Earnings reports are always important, but in the cases of Activision and Electronic Arts, these are the companies' first reports in the midst of the coronavirus pandemic, an important point because video game equities and the related exchange traded funds aren't just surviving during the COVID-19 crisis, they're thriving.

With that in mind, here are a few video game and esports ETFs that are worth considering this week.

Roundhill BITKRAFT Esports & Digital Entertainment ETF (NERD)

The Roundhill BITKRAFT Esports & Digital Entertainment ETF (NYSE: NERD) tracks the Roundhill BITKRAFT Esports Index in which Activision Blizzard is a top 10 holding at a weight of 5.14%. Electronic Arts is just outside NERD's top 10 with an allocation of 3.59%.

NERD components can include “video game publishers, streaming network operators, video game tournament and league operators/owners, competitive team owners, and hardware companies,” meaning the fund has one of the broader reaches into the gaming and esports ecosystems.

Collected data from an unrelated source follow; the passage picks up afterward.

(* Let $(I_t)_{t\in\mathbb{Z}}$ be a stochastic process such that there exists a family $(I_t^n)_{t\in\mathbb{Z}}$, $n\in\mathbb{N}$, of $\{0,1\}$-valued stationary stochastic processes with $P(I_0^n=1)>0$ for all $n$ and $$\mathcal{L}\bigl((I_t^n)_{t\in\{-u,\dots,v\}}\mid I_0^n=1\bigr)\Longrightarrow \mathcal{L}\bigl((I_t)_{t\in\{-u,\dots,v\}}\bigr)\quad (n\to\infty)$$ for all $u,v\in\mathbb{N}$. Define $S_+^i=\sum_{t=1}^\infty I_t$ and $S_-^i=\sum_{t=1}^\infty I_{-t}$ (values in $\mathbb{N}_0\cup\{\infty\}$). (a) The law of $(S_-^i,S_+^i)$ is symmetric (in particular $S_-^i$ and $S_+^i$ have the same distribution; let $S^i_{\pm}$ denote a random variable with this common distribution), and for all $k,\ell\in\mathbb{N}_0$, $$P(S_+^i=k,\ S_-^i\ge \ell)=P(S^i_{\pm}=k+\ell),$$ $$P(S_+^i=k,\ S_-^i=\ell)=P(S^i_{\pm}=k+\ell)-P(S^i_{\pm}=k+\ell+1).$$ (b) The common probability mass function of $S_-^i$ and $S_+^i$ is nonincreasing on $\mathbb{N}_0$: $P(S^i_{\pm}=k)\ge P(S^i_{\pm}=k+1)$ for all $k\in\mathbb{N}_0$.
   Context: $\mathbb{N}_0=\{0,1,2,\dots\}$. $\mathcal{L}(\cdot\mid\cdot)$ denotes conditional law and $\Longrightarrow$ convergence in distribution. *)

theory Defs
  imports "HOL-Probability.Probability"
begin

definition path_space :: "(int \<Rightarrow> nat) measure" where
  "path_space = PiM UNIV (\<lambda>_. count_space UNIV)"

definition stationary_process :: "'a measure \<Rightarrow> ('a \<Rightarrow> int \<Rightarrow> nat) \<Rightarrow> bool" where
  "stationary_process M X \<longleftrightarrow>
     (\<forall>t. (\<lambda>\<omega>. X \<omega> t) \<in> measurable M (count_space UNIV)) \<and>
     (\<forall>s. distr M path_space (\<lambda>\<omega> t. X \<omega> (t + s)) = distr M path_space X)"

definition S_plus :: "(int \<Rightarrow> nat) \<Rightarrow> enat" where
  "S_plus x = (\<Sum>t. enat (x (int t + 1)))"

definition S_minus :: "(int \<Rightarrow> nat) \<Rightarrow> enat" where
  "S_minus x = (\<Sum>t. enat (x (- (int t + 1))))"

What makes NERD increasingly relevant in the coronavirus environment is that the fund isn't dedicated to U.S. stocks. In fact, China, where gaming and streaming is thriving due to stay at home orders, is the fund's largest geographic exposure at 24.4% compared to 13.3% for the U.S.

See Also: 'Fortnite' Popularity Fades As 'Call Of Duty' Closes Gap, Survey Says

Global X Video Games & Esports ETF (HERO)

The Global X Video Games & Esports ETF (NASDAQ: HERO) is proof positive that video game exposure is working for investors this year. While the S&P 500 is off more than 12%, HERO is higher by almost 7%.

HERO's run will be tested because the fund devotes almost 12.3% of its combined weight to Activision and Electronic Arts. Those are the fund's third- and fourth-largest holdings, respectively.

“As people spend more time indoors and in isolation, video games and esports serve as an outlet for socialization and entertainment,” said Global X in a recent report. “Since the introduction of widespread stay-at-home efforts, interest in video games and esports has surged. While the spike is recent, we expect new habits to be formed and new users to permanently join a rapidly expanding audience well beyond COVID-19’s impact.”

VanEck Vectors Video Gaming and eSports ETF (ESPO)

The VanEck Vectors Video Gaming and eSports ETF (NASDAQ: ESPO) isn't yet 2 years old, but it's already one of the titans of the esports/video game ETF space with $168.5 million in assets under management, proving there is appetite for thematic funds...if the theme is growing and legitimate.

Investors are being rewarded for their faith in ESPO as the fund is higher by 7.57% this year. Like its aforementioned peers, ESPO faces Tuesday tests due to its almost 12% combined weight to Activision and EA.

Those two stocks are ESPO's fifth- and sixth-largest components, respectively.